The combination of these settings suggests the model is ready to generalize well to unseen data, with enough complexity to model the relationships in the data without overfitting too much.

In [12]:
y_pred = best_model.predict(X_test)

# Calculate metrics
mae = mean_absolute_error(y_test, y_pred)
mse = mean_squared_error(y_test, y_pred)
rmse = np.sqrt(mse)
r2 = r2_score(y_test, y_pred)

# Print metrics
print(f"Mean Absolute Error (MAE): {mae}")
print(f"Mean Squared Error (MSE): {mse}")
print(f"Root Mean Squared Error (RMSE): {rmse}")
print(f"R-squared (R²): {r2}")

Mean Absolute Error (MAE): 0.5318305749217103
Mean Squared Error (MSE): 0.7095168646858466
Root Mean Squared Error (RMSE): 0.842328240465584
R-squared (R²): 0.9346997669185286


## Inference from the Evaluation Metrics:

### R-squared (R²) = 0.9347:

The model explains 93.47% of the variance in ALogP, which is a strong result. It indicates that the model fits the data well and is able to predict ALogP with high accuracy.

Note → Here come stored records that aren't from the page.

lemma submodular_le_sum_singletons:
  assumes "submodular_setfun n f" "S \<subseteq> {1..n}"
  shows "f S \<le> f {} + (\<Sum>i\<in>S. f {i} - f {})"
proof -
  have "finite S" using assms(2) finite_subset by blast
  then show ?thesis using assms(2)
  proof (induction S rule: finite_induct)
    case (insert a S)
    then have "f (S \<inter> {a}) + f (S \<union> {a}) \<le> f S + f {a}"
      by (intro submodular_setfunD[OF assms(1)]) auto
    moreover have "S \<inter> {a} = {}" "S \<union> {a} = insert a S" using insert.hyps by auto
    ultimately show ?case using insert by simp
  qed simp
qed

lemma expected_value_le_singleton_bound:
  assumes "submodular_setfun n f" and feasible: "concave_feasible n x \<theta>"
  shows "expected_value n \<theta> f \<le> f {} + (\<Sum>i\<in>{1..n}. x i * (f {i} - f {}))"
proof -
  let ?N = "{1..n}"
  have \<theta>_nonneg: "\<forall>S\<in>Pow ?N. \<theta> S \<ge> 0" and \<theta>_total: "sum \<theta> (Pow ?N) = 1"
    and marginal: "\<And>i. i \<in> ?N \<Longrightarrow> sum \<theta> {S\<in>Pow ?N. i \<in> S} = x i"
    using feasible unfolding concave_feasible_def by auto
  have "expected_value n \<theta> f \<le> (\<Sum>S\<in>Pow ?N. \<theta> S * (f {} + (\<Sum>i\<in>{i\<in>?N. i \<in> S}. f {i} - f {})))"
  proof (rule sum_mono)
    fix S assume S: "S \<in> Pow ?N"
    then have "{i\<in>?N. i \<in> S} = S" by auto
    then show "\<theta> S * f S \<le> \<theta> S * (f {} + (\<Sum>i\<in>{i\<in>?N. i \<in> S}. f {i} - f {}))"
      using submodular_le_sum_singletons[OF assms(1), of S] \<theta>_nonneg S
      by (intro mult_left_mono) auto
  qed
  also have "\<dots> = sum \<theta> (Pow ?N) * f {} + (\<Sum>S\<in>Pow ?N. \<Sum>i\<in>{i\<in>?N. i \<in> S}. \<theta> S * (f {i} - f {}))"
    by (simp add: distrib_left sum.distrib sum_distrib_left sum_distrib_right)
  also have "\<dots> = sum \<theta> (Pow ?N) * f {} + (\<Sum>i\<in>?N. (f {i} - f {}) * sum \<theta> {S\<in>Pow ?N. i \<in> S})"
    by (subst sum.swap_restrict) (simp_all add: sum_distrib_left mult.commute)
  also have "\<dots> = f {} + (\<Sum>i\<in>?N. x i * (f {i} - f {}))"
    using \<theta>_total marginal by (simp add: mult.commute)
  finally show ?thesis .
qed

### Mean Absolute Error (MAE) = 0.5318:

The average error per prediction is about 0.53. Given that ALogP has a range of 70+, this error seems reasonable, suggesting that the model is performing well in terms of predicting the target values.

### Mean Squared Error (MSE) = 0.7095:

The MSE is slightly higher than MAE due to the squaring of errors, which penalizes larger deviations more. The value of 0.7095 is consistent with the high R² score, suggesting that large errors are not prevalent in the model’s predictions.

### Root Mean Squared Error (RMSE) = 0.8423:

The RMSE of 0.84 shows that the model has a relatively low average error per prediction, considering the scale of ALogP. It indicates that the model is making fairly accurate predictions on average.

## Overall Inference:
The model demonstrates strong performance with high accuracy (R² of 93.47%) and low prediction errors (MAE = 0.53, RMSE = 0.84). Given the range of ALogP, these errors are acceptable and suggest the model is reliable for predicting ALogP values. The model generalizes well to unseen data and is performing efficiently.